_Task details_. Output nothing but the line containing "unfolding output_type_def" and the lines after it through the end of the material below, each reproduced exactly.

============================================================

(* Let $A$ be a closed type of system $\mathcal F$ not containing the type constant $O$. If $A$ is a data type, then $A$ is an output type.
   Context: $\lambda$-terms are those of the untyped $\lambda$-calculus ($\Lambda$ their set); $Fv(t)$ the free variables; $\rightarrow_\beta$ is (multi-step) $\beta$-reduction; normal means without $\beta$-redex; $u\succ_f v$ means $v$ is obtained from $u$ by weak head reduction (repeatedly reducing the redex $(\lambda x u)v$ in a term $(\lambda x u)vv_1\dots v_m$). Types of system $\mathcal F$: built from type variables and type constants (atomic, not quantifiable; $O$ is one) with $\rightarrow$, $\forall$; only proper types (in every $\forall XA$, $X$ occurs free in $A$). Typing: (ax) $\Gamma \vdash x_i : A_i$ for $x_i:A_i\in\Gamma$; ($\rightarrow_i$) from $\Gamma, x:B \vdash t : C$ infer $\Gamma \vdash \lambda x t : B \rightarrow C$; ($\rightarrow_e$) from $\Gamma \vdash u : B\rightarrow C$, $\Gamma \vdash v : B$ infer $\Gamma \vdash (u)v : C$; ($\forall_i$) from $\Gamma \vdash t : A$, $X$ not free in $\Gamma$, infer $\Gamma \vdash t : \forall X A$; ($\forall_e$) from $\Gamma \vdash t : \forall X A$ infer $\Gamma \vdash t : A[C/X]$. A set $G\subseteq\Lambda$ is saturated if $u\in G$ and $t\succ_f u$ imply $t\in G$. For $G,G'\subseteq\Lambda$, $G\rightarrow G'=\{u : (u)t\in G' \text{ for all } t\in G\}$. An interpretation $I$ maps each type variable and type constant to a saturated set; $|A|_I$ is defined by $|A\rightarrow B|_I=|A|_I\rightarrow|B|_I$ and $|\forall XA|_I=\bigcap\{|A|_{I[X\leftarrow G]} : G \text{ saturated}\}$, and $|A|=\bigcap_I |A|_I$. A closed type $A$ is a data type if $|A|\neq\emptyset$ and every $t\in|A|$ $\beta$-reduces to a closed term. An output type is a closed type $S$ not containing $O$ such that for every normal $t$ and variable $\alpha$, $\alpha:O\vdash_{\mathcal F}t:S$ implies $\alpha\notin Fv(t)$. *)

theory Defs
  imports Main
begin

datatype lterm = Var nat | App lterm lterm | Abs lterm

primrec lift :: "lterm \<Rightarrow> nat \<Rightarrow> lterm" where
  "lift (Var i) k = (if i < k then Var i else Var (Suc i))"
| "lift (App s t) k = App (lift s k) (lift t k)"
| "lift (Abs s) k = Abs (lift s (Suc k))"

primrec subst :: "lterm \<Rightarrow> nat \<Rightarrow> lterm \<Rightarrow> lterm" where
  "subst (Var i) k u = (if k < i then Var (i - 1) else if i = k then u else Var i)"
| "subst (App s t) k u = App (subst s k u) (subst t k u)"
| "subst (Abs s) k u = Abs (subst s (Suc k) (lift u 0))"

primrec fv :: "lterm \<Rightarrow> nat set" where
  "fv (Var i) = {i}"
| "fv (App s t) = fv s \<union> fv t"
| "fv (Abs s) = {n. Suc n \<in> fv s}"

definition closed_term :: "lterm \<Rightarrow> bool" where
  "closed_term t \<longleftrightarrow> fv t = {}"

inductive beta1 :: "lterm \<Rightarrow> lterm \<Rightarrow> bool" where
  beta: "beta1 (App (Abs s) t) (subst s 0 t)"
| appL: "beta1 s s' \<Longrightarrow> beta1 (App s t) (App s' t)"
| appR: "beta1 t t' \<Longrightarrow> beta1 (App s t) (App s t')"
| abs: "beta1 s s' \<Longrightarrow> beta1 (Abs s) (Abs s')"

definition beta_red :: "lterm \<Rightarrow> lterm \<Rightarrow> bool" where
  "beta_red = beta1\<^sup>*\<^sup>*"

primrec normal :: "lterm \<Rightarrow> bool" where
  "normal (Var i) = True"
| "normal (App s t) = ((case s of Abs _ \<Rightarrow> False | _ \<Rightarrow> True) \<and> normal s \<and> normal t)"
| "normal (Abs s) = normal s"

inductive whead1 :: "lterm \<Rightarrow> lterm \<Rightarrow> bool" where
  head: "whead1 (App (Abs s) t) (subst s 0 t)"
| app: "whead1 s s' \<Longrightarrow> whead1 (App s t) (App s' t)"

definition whead :: "lterm \<Rightarrow> lterm \<Rightarrow> bool" where
  "whead = whead1\<^sup>*\<^sup>*"

datatype tp = TVar nat | TConst nat | Arr tp tp | All tp

definition tO :: tp where "tO = TConst 0"

primrec tlift :: "tp \<Rightarrow> nat \<Rightarrow> tp" where
  "tlift (TVar i) k = (if i < k then TVar i else TVar (Suc i))"
| "tlift (TConst c) k = TConst c"
| "tlift (Arr A B) k = Arr (tlift A k) (tlift B k)"
| "tlift (All A) k = All (tlift A (Suc k))"

primrec tsubst :: "tp \<Rightarrow> nat \<Rightarrow> tp \<Rightarrow> tp" where
  "tsubst (TVar i) k C = (if k < i then TVar (i - 1) else if i = k then C else TVar i)"
| "tsubst (TConst c) k C = TConst c"
| "tsubst (Arr A B) k C = Arr (tsubst A k C) (tsubst B k C)"
| "tsubst (All A) k C = All (tsubst A (Suc k) (tlift C 0))"

primrec tfree :: "nat \<Rightarrow> tp \<Rightarrow> bool" where
  "tfree k (TVar i) = (i = k)"
| "tfree k (TConst c) = False"
| "tfree k (Arr A B) = (tfree k A \<or> tfree k B)"
| "tfree k (All A) = tfree (Suc k) A"

primrec proper :: "tp \<Rightarrow> bool" where
  "proper (TVar i) = True"
| "proper (TConst c) = True"
| "proper (Arr A B) = (proper A \<and> proper B)"
| "proper (All A) = (tfree 0 A \<and> proper A)"

primrec tclosed_at :: "nat \<Rightarrow> tp \<Rightarrow> bool" where
  "tclosed_at k (TVar i) = (i < k)"
| "tclosed_at k (TConst c) = True"
| "tclosed_at k (Arr A B) = (tclosed_at k A \<and> tclosed_at k B)"
| "tclosed_at k (All A) = tclosed_at (Suc k) A"

definition tclosed :: "tp \<Rightarrow> bool" where
  "tclosed A \<longleftrightarrow> tclosed_at 0 A"

primrec has_const :: "nat \<Rightarrow> tp \<Rightarrow> bool" where
  "has_const c (TVar i) = False"
| "has_const c (TConst d) = (c = d)"
| "has_const c (Arr A B) = (has_const c A \<or> has_const c B)"
| "has_const c (All A) = has_const c A"

definition contains_O :: "tp \<Rightarrow> bool" where
  "contains_O A \<longleftrightarrow> has_const 0 A"

inductive typing :: "tp list \<Rightarrow> lterm \<Rightarrow> tp \<Rightarrow> bool" where
  ax: "i < length \<Gamma> \<Longrightarrow> typing \<Gamma> (Var i) (\<Gamma> ! i)"
| arr_i: "proper B \<Longrightarrow> typing (B # \<Gamma>) t C \<Longrightarrow> typing \<Gamma> (Abs t) (Arr B C)"
| arr_e: "typing \<Gamma> u (Arr B C) \<Longrightarrow> typing \<Gamma> v B \<Longrightarrow> typing \<Gamma> (App u v) C"
| all_i: "typing (map (\<lambda>B. tlift B 0) \<Gamma>) t A \<Longrightarrow> tfree 0 A \<Longrightarrow> typing \<Gamma> t (All A)"
| all_e: "typing \<Gamma> t (All A) \<Longrightarrow> proper C \<Longrightarrow> typing \<Gamma> t (tsubst A 0 C)"

definition saturated :: "lterm set \<Rightarrow> bool" where
  "saturated G \<longleftrightarrow> (\<forall>u t. u \<in> G \<longrightarrow> whead t u \<longrightarrow> t \<in> G)"

definition arrow_set :: "lterm set \<Rightarrow> lterm set \<Rightarrow> lterm set" where
  "arrow_set G G' = {u. \<forall>t\<in>G. App u t \<in> G'}"

definition is_interp :: "(nat \<Rightarrow> lterm set) \<Rightarrow> (nat \<Rightarrow> lterm set) \<Rightarrow> bool" where
  "is_interp Iv Ic \<longleftrightarrow> (\<forall>n. saturated (Iv n)) \<and> (\<forall>c. saturated (Ic c))"

primrec sem :: "(nat \<Rightarrow> lterm set) \<Rightarrow> (nat \<Rightarrow> lterm set) \<Rightarrow> tp \<Rightarrow> lterm set" where
  "sem Iv Ic (TVar i) = Iv i"
| "sem Iv Ic (TConst c) = Ic c"
| "sem Iv Ic (Arr A B) = arrow_set (sem Iv Ic A) (sem Iv Ic B)"
| "sem Iv Ic (All A) = \<Inter>{sem (case_nat G Iv) Ic A | G. saturated G}"

definition sem_all :: "tp \<Rightarrow> lterm set" where
  "sem_all A = \<Inter>{sem Iv Ic A | Iv Ic. is_interp Iv Ic}"

definition data_type :: "tp \<Rightarrow> bool" where
  "data_type A \<longleftrightarrow> tclosed A \<and> proper A \<and> sem_all A \<noteq> {} \<and>
     (\<forall>t\<in>sem_all A. \<exists>u. beta_red t u \<and> closed_term u)"

text \<open>Output type: closed, without O, and any normal t with \<alpha>:O \<turnstile> t : S does not contain \<alpha>.
  The context [tO] has the single variable 0 (=\<alpha>).\<close>
definition output_type :: "tp \<Rightarrow> bool" where
  "output_type S \<longleftrightarrow> tclosed S \<and> proper S \<and> \<not> contains_O S \<and>
     (\<forall>t. normal t \<longrightarrow> typing [tO] t S \<longrightarrow> 0 \<notin> fv t)"

end

theory Submission
  imports Defs
begin

text \<open>By the adequacy lemma every term of type A in any context is, after
  substituting realizers for its variables, a realizer of A. Interpreting the constant O
  as the set of all terms (which is saturated) and substituting the variable \<alpha> for
  itself, a term t with \<alpha>:O \<turnstile> t : A lies in |A| whenever O does not occur in A.
  As A is a data type, t \<beta>-reduces to a closed term; a normal t only reduces to itself,
  so t is closed and \<alpha> does not occur in it.\<close>

primrec psubst :: "lterm \<Rightarrow> (nat \<Rightarrow> lterm) \<Rightarrow> lterm" where
  "psubst (Var i) \<sigma> = \<sigma> i"
| "psubst (App s t) \<sigma> = App (psubst s \<sigma>) (psubst t \<sigma>)"
| "psubst (Abs s) \<sigma> = Abs (psubst s (case_nat (Var 0) (\<lambda>i. lift (\<sigma> i) 0)))"

lemma psubst_Var: "psubst s Var = s"
proof (induction s)
  case (Abs s)
  have "case_nat (Var 0) (\<lambda>i. lift (Var i) 0) = Var"
    by (rule ext) (simp split: nat.split)
  then show ?case using Abs by simp
qed auto

lemma subst_lift: "subst (lift u k) k v = u"
  by (induction u arbitrary: k v) auto

lemma lift_lift: "i \<le> j \<Longrightarrow> lift (lift v j) i = lift (lift v i) (Suc j)"
  by (induction v arbitrary: i j) auto

lemma subst_lift_comm:
  "j \<le> k \<Longrightarrow> subst (lift u j) (Suc k) (lift v j) = lift (subst u k v) j"
proof (induction u arbitrary: j k v)
  case (Abs u)
  have "lift (lift v j) 0 = lift (lift v 0) (Suc j)" by (simp add: lift_lift)
  then show ?case using Abs.IH[of "Suc j" "Suc k" "lift v 0"] Abs.prems by simp
qed auto

lemma subst_psubst: "subst (psubst s \<sigma>) k v = psubst s (\<lambda>i. subst (\<sigma> i) k v)"
proof (induction s arbitrary: \<sigma> k v)
  case (Abs s)
  have "(\<lambda>i. subst (case_nat (Var 0) (\<lambda>i. lift (\<sigma> i) 0) i) (Suc k) (lift v 0))
        = case_nat (Var 0) (\<lambda>i. lift (subst (\<sigma> i) k v) 0)"
    by (rule ext) (simp add: subst_lift_comm[of 0, simplified] split: nat.split)
  then show ?case using Abs by simp
qed auto

lemma whead_psubst_Abs: "whead (App (psubst (Abs t) \<sigma>) v) (psubst t (case_nat v \<sigma>))"
proof -
  have "(\<lambda>i. subst (case_nat (Var 0) (\<lambda>i. lift (\<sigma> i) 0) i) 0 v) = case_nat v \<sigma>"
    by (rule ext) (simp add: subst_lift split: nat.split)
  then show ?thesis
    unfolding whead_def using whead1.head[of "psubst t (case_nat (Var 0) (\<lambda>i. lift (\<sigma> i) 0))" v]
    by (simp add: subst_psubst)
qed

lemma whead_App: "whead t u \<Longrightarrow> whead (App t s) (App u s)"
  unfolding whead_def
  by (induction rule: rtranclp_induct) (auto intro: rtranclp.rtrancl_into_rtrancl whead1.app)

lemma saturated_UNIV: "saturated UNIV"
  by (simp add: saturated_def)

lemma saturated_arrow_set: "saturated G' \<Longrightarrow> saturated (arrow_set G G')"
  unfolding saturated_def arrow_set_def using whead_App by blast

lemma is_interp_case_nat: "is_interp Iv Ic \<Longrightarrow> saturated G \<Longrightarrow> is_interp (case_nat G Iv) Ic"
  unfolding is_interp_def by (auto split: nat.split)

lemma saturated_sem: "is_interp Iv Ic \<Longrightarrow> saturated (sem Iv Ic A)"
proof (induction A arbitrary: Iv)
  case (All A)
  then have "\<And>G. saturated G \<Longrightarrow> saturated (sem (case_nat G Iv) Ic A)"
    by (blast intro: is_interp_case_nat)
  then show ?case unfolding saturated_def sem.simps by blast
qed (auto simp: is_interp_def saturated_arrow_set)

lemma sem_tlift: "sem Iv Ic (tlift A k) = sem (\<lambda>i. if i < k then Iv i else Iv (Suc i)) Ic A"
proof (induction A arbitrary: Iv k)
  case (All A)
  have "\<And>G. (\<lambda>i. if i < Suc k then case_nat G Iv i else case_nat G Iv (Suc i))
     = case_nat G (\<lambda>i. if i < k then Iv i else Iv (Suc i))"
    by (rule ext) (simp split: nat.split)
  then show ?case using All by simp
qed auto

lemma sem_tlift0: "sem (case_nat G Iv) Ic (tlift A 0) = sem Iv Ic A"
  by (simp add: sem_tlift)

lemma sem_tsubst: "sem Iv Ic (tsubst A k C) =
  sem (\<lambda>i. if i < k then Iv i else if i = k then sem Iv Ic C else Iv (i - 1)) Ic A"
proof (induction A arbitrary: Iv k C)
  case (All A)
  have "\<And>G. (\<lambda>i. if i < Suc k then case_nat G Iv i
              else if i = Suc k then sem (case_nat G Iv) Ic (tlift C 0) else case_nat G Iv (i - 1))
     = case_nat G (\<lambda>i. if i < k then Iv i else if i = k then sem Iv Ic C else Iv (i - 1))"
    by (rule ext) (auto simp: sem_tlift0 split: nat.split)
  then show ?case using All by simp
qed auto

lemma sem_tsubst0: "sem Iv Ic (tsubst A 0 C) = sem (case_nat (sem Iv Ic C) Iv) Ic A"
proof -
  have "(\<lambda>i. if i < 0 then Iv i else if i = 0 then sem Iv Ic C else Iv (i - 1))
        = case_nat (sem Iv Ic C) Iv"
    by (rule ext) (simp split: nat.split)
  then show ?thesis by (simp add: sem_tsubst)
qed

lemma sem_fun_upd_const: "\<not> has_const c A \<Longrightarrow> sem Iv (Ic(c := X)) A = sem Iv Ic A"
  by (induction A arbitrary: Iv) auto

lemma psubst_Abs_in_arrow_set:
  assumes "saturated G'" and "\<And>v. v \<in> G \<Longrightarrow> psubst t (case_nat v \<sigma>) \<in> G'"
  shows "psubst (Abs t) \<sigma> \<in> arrow_set G G'"
  using assms whead_psubst_Abs unfolding arrow_set_def saturated_def by blast

lemma adequacy:
  assumes "typing \<Gamma> t A" and "is_interp Iv Ic"
    and "\<forall>i<length \<Gamma>. \<sigma> i \<in> sem Iv Ic (\<Gamma> ! i)"
  shows "psubst t \<sigma> \<in> sem Iv Ic A"
  using assms
proof (induction arbitrary: Iv \<sigma> rule: typing.induct)
  case (arr_i B \<Gamma> t C)
  have "\<And>v. v \<in> sem Iv Ic B \<Longrightarrow> psubst t (case_nat v \<sigma>) \<in> sem Iv Ic C"
    using arr_i.prems by (intro arr_i.IH) (auto split: nat.split)
  with saturated_sem[OF arr_i.prems(1)] show ?case
    unfolding sem.simps by (rule psubst_Abs_in_arrow_set)
next
  case (arr_e \<Gamma> u B C v)
  then show ?case by (auto simp: arrow_set_def)
next
  case (all_i \<Gamma> t A)
  have "\<And>G. saturated G \<Longrightarrow> psubst t \<sigma> \<in> sem (case_nat G Iv) Ic A"
    using all_i.prems by (intro all_i.IH) (auto simp: is_interp_case_nat sem_tlift0)
  then show ?case by auto
next
  case (all_e \<Gamma> t A C)
  then have "psubst t \<sigma> \<in> sem Iv Ic (All A)" by blast
  then show ?case
    using saturated_sem[OF all_e.prems(1)] by (auto simp: sem_tsubst0)
qed simp

lemma typing_const_in_sem_all:
  assumes "typing [TConst c] t A" and "\<not> has_const c A"
  shows "t \<in> sem_all A"
  unfolding sem_all_def
proof clarify
  fix Iv Ic assume "is_interp Iv Ic"
  then have "is_interp Iv (Ic(c := UNIV))"
    using saturated_UNIV unfolding is_interp_def by auto
  then have "psubst t Var \<in> sem Iv (Ic(c := UNIV)) A"
    using assms(1) by (intro adequacy) auto
  then show "t \<in> sem Iv Ic A"
    using assms(2) by (simp add: psubst_Var sem_fun_upd_const)
qed

lemma normal_not_beta1: "beta1 s s' \<Longrightarrow> \<not> normal s"
  by (induction rule: beta1.induct) (auto split: lterm.splits)

lemma normal_beta_red: "beta_red s u \<Longrightarrow> normal s \<Longrightarrow> u = s"
  unfolding beta_red_def
  by (induction rule: converse_rtranclp_induct) (auto dest: normal_not_beta1)

theorem theorem2p1p8:
  assumes "proper A" and "tclosed A" and "\<not> contains_O A"
    and "data_type A"
  shows "output_type A"
  unfolding output_type_def
proof (intro conjI allI impI)
  fix t assume normal: "normal t" and typed: "typing [tO] t A"
  have "t \<in> sem_all A"
    using typed assms(3) unfolding tO_def contains_O_def by (rule typing_const_in_sem_all)
  then obtain u where "beta_red t u" and "closed_term u"
    using assms(4) unfolding data_type_def by blast
  then show "0 \<notin> fv t"
    using normal normal_beta_red by (auto simp: closed_term_def)
qed (use assms in auto)

end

============================================================

_Exercise response_.
  unfolding output_type_def
proof (intro conjI allI impI)
  fix t assume normal: "normal t" and typed: "typing [tO] t A"
  have "t \<in> sem_all A"
    using typed assms(3) unfolding tO_def contains_O_def by (rule typing_const_in_sem_all)
  then obtain u where "beta_red t u" and "closed_term u"
    using assms(4) unfolding data_type_def by blast
  then show "0 \<notin> fv t"
    using normal normal_beta_red by (auto simp: closed_term_def)
qed (use assms in auto)

end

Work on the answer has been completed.